Dominican baseball player and coach (born 1956)

Luis Pascual Silverio Delmonte (born October 23, 1956) is a Dominican former professional baseball player and coach, currently serving as the Senior Advisor to Latin American Operations for the Pittsburgh Pirates of Major League Baseball (MLB). In 2011 and 2012, he was the first-base, outfield and baserunning coach for the Pirates' major league team.
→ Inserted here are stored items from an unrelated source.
(* Consider the following setting. $\mathcal{G}$ is a connected undirected graph with nodes $\{1,\dots,n\}$, edges $\{1,\dots,m\}$ and incidence matrix $B\in\mathbb{R}^{n\times m}$; $p\ge1$ and $E=\begin{bmatrix} I_{p}\\ \mathbf{0}_{(n-p)\times p}\end{bmatrix}$. Let $T_x\in\mathbb{R}^{n\times n}$, $T_\mu,T_\xi\in\mathbb{R}^{m\times m}$, $T_\theta,T_\phi\in\mathbb{R}^{p\times p}$ be diagonal with strictly positive diagonal entries, $d\in\mathbb{R}^n$ a constant vector, $h(x)=(h_1(x_1),\dots,h_n(x_n))^T$ with each $h_i:\mathbb{R}\to\mathbb{R}$ continuously differentiable and strictly increasing, and $\overline y\in\mathbb{R}^n$ with $\overline y_i\in\mathcal{R}(h_i)$ for all $i$. Let $f(\mu)=(f_1(\mu_1),\dots,f_m(\mu_m))^T$ and $g(\theta)=(g_1(\theta_1),\dots,g_p(\theta_p))^T$ with $f_k,g_i:\mathbb{R}\to\mathbb{R}$. Let $Q=\operatorname{diag}(q_1,\dots,q_p)$, $q_i>0$, $r\in\mathbb{R}^p$, and let $L^{com}\in\mathbb{R}^{p\times p}$ be the Laplacian matrix of a weighted directed graph on $\{1,\dots,p\}$ that is balanced and strongly connected. Define $\overline u=Q^{-1}(\kappa-r)$ with $\kappa=E^T\frac{\mathbb{1}_n\mathbb{1}_n^T}{\mathbb{1}_p^TQ^{-1}\mathbb{1}_p}(d+EQ^{-1}r)$, and assume that there exists $\omega\in\mathbb{R}^m$ with $[B^\dagger(E\overline u-d)+(I-B^\dagger B)\omega]_k\in\mathcal{R}(f_k)$ for all $k$, and that $\overline u_i\in\mathcal{R}(g_i)$ for all $i\in\{1,\dots,p\}$. Consider the closed-loop system $$\begin{aligned} T_x\dot x&=-Bf(\mu)+Eg(\theta)-d,\\ T_\mu\dot\mu&=B^T(h(x)-\overline y)-(f(\mu)-\xi),\\ T_\xi\dot\xi&=f(\mu)-\xi,\\ T_\theta\dot\theta&=-E^T(h(x)-\overline y)-(g(\theta)-\phi),\\ T_\phi\dot\phi&=g(\theta)-\phi-QL^{com}(Q\phi+r), \end{aligned}$$ with state $(x,\mu,\xi,\theta,\phi)\in\mathbb{R}^n\times\mathbb{R}^m\times\mathbb{R}^m\times\mathbb{R}^p\times\mathbb{R}^p$. Then this system has an equilibrium $(\overline x,\overline\mu,\overline\xi,\overline\theta,\overline\phi)$, and every equilibrium satisfies $h(\overline x)=\overline y$ and $g(\overline\theta)=\overline u$.
   Context: $\mathcal{R}(f)$ denotes the range of a function $f$; $B^\dagger$ is the Moore–Penrose pseudoinverse of $B$; $\mathbb{1}_k$ is the all-ones vector of length $k$. The incidence matrix $B$ is obtained by arbitrarily orienting each edge: $b_{ik}=+1$ if node $i$ is the positive end of edge $k$, $-1$ if the negative end, $0$ otherwise. A weighted directed graph is balanced if at every node the weighted in-degree equals the weighted out-degree; its Laplacian is $L^{com}=D-A$ with $A$ the weighted adjacency matrix and $D$ the diagonal matrix of weighted out-degrees. The vector $\overline u$ is the minimizer of $\frac12u^TQu+r^Tu$ subject to $\mathbf{0}=-B\lambda+Eu-d$. *)

theory Defs
  imports Complex_Main "Jordan_Normal_Form.Matrix"
begin

(* Undirected graph with nodes 0..<n and edges 0..<m; edge k joins fst (ends k)
   (its positive end) and snd (ends k) (its negative end). *)
definition graph_adj :: "nat \<Rightarrow> (nat \<Rightarrow> nat \<times> nat) \<Rightarrow> nat \<Rightarrow> nat \<Rightarrow> bool" where
  "graph_adj m ends i j \<longleftrightarrow> (\<exists>k<m. ends k = (i, j) \<or> ends k = (j, i))"

definition wf_graph :: "nat \<Rightarrow> nat \<Rightarrow> (nat \<Rightarrow> nat \<times> nat) \<Rightarrow> bool" where
  "wf_graph n m ends \<longleftrightarrow> (\<forall>k<m. fst (ends k) < n \<and> snd (ends k) < n \<and> fst (ends k) \<noteq> snd (ends k))"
Prior to joining the Pittsburgh organization, Silverio spent thirty-five years in the Kansas City Royals' organization, and was a coach at the Major League level for the Royals from 2003–2008. Silverio has been associated with the Royals since he signed as a non-drafted free agent on November 12, 1973. Though he played in only eight games with the Royals in September 1978, he recorded six hits in his eleven career at bats. His .545 batting average is the highest in baseball history for any player who came to bat ten or more times in their career. Silverio coached in the Royals minor league system from 1983 to 1989. He was the general manager of the Royals' Dominican League entry from 1990 to 1992, the coordinator of Latin American operations from 1993 to 1999, the coordinator of Dominican operation from 2000 to 2002, and player development coordinator in 2009–2010. His daughter, Jennifer, is married to former Royals shortstop Ángel Berroa.

Silverio has two sons and two daughters and lives in Florida.